YOUR ASSIGNMENT → Report each line of the listing that carries the word "real".

INFORMATION GIVEN →
=======

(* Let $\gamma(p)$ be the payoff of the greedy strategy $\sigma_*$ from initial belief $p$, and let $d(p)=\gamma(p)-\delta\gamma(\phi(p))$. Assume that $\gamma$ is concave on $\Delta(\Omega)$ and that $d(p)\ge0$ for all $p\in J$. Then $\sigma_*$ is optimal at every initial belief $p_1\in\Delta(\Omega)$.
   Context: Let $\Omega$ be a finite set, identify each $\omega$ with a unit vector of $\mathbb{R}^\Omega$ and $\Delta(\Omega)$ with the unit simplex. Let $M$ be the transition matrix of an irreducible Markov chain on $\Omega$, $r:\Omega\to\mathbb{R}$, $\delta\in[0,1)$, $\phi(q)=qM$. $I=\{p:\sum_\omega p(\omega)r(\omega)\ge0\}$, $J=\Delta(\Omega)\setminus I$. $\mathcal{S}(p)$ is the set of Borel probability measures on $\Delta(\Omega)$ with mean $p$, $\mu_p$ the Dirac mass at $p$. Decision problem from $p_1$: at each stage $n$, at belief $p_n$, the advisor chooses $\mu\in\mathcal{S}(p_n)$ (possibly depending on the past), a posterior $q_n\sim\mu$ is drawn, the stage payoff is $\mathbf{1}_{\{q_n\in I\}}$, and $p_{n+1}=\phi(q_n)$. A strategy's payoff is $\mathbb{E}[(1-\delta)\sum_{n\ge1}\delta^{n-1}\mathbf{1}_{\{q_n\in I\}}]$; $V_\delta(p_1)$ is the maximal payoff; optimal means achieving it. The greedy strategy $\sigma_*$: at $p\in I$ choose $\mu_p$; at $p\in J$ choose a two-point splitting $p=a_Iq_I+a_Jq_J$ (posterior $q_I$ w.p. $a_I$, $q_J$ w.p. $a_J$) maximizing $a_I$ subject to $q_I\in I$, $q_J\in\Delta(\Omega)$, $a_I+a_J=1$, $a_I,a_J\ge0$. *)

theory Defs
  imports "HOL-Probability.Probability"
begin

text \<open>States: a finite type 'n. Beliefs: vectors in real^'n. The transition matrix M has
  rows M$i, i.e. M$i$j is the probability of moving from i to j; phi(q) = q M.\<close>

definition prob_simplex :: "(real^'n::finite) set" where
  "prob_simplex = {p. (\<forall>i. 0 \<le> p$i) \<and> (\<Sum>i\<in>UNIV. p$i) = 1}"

=======

ANSWER FOR THIS EXERCISE →
text \<open>States: a finite type 'n. Beliefs: vectors in real^'n. The transition matrix M has
definition prob_simplex :: "(real^'n::finite) set" where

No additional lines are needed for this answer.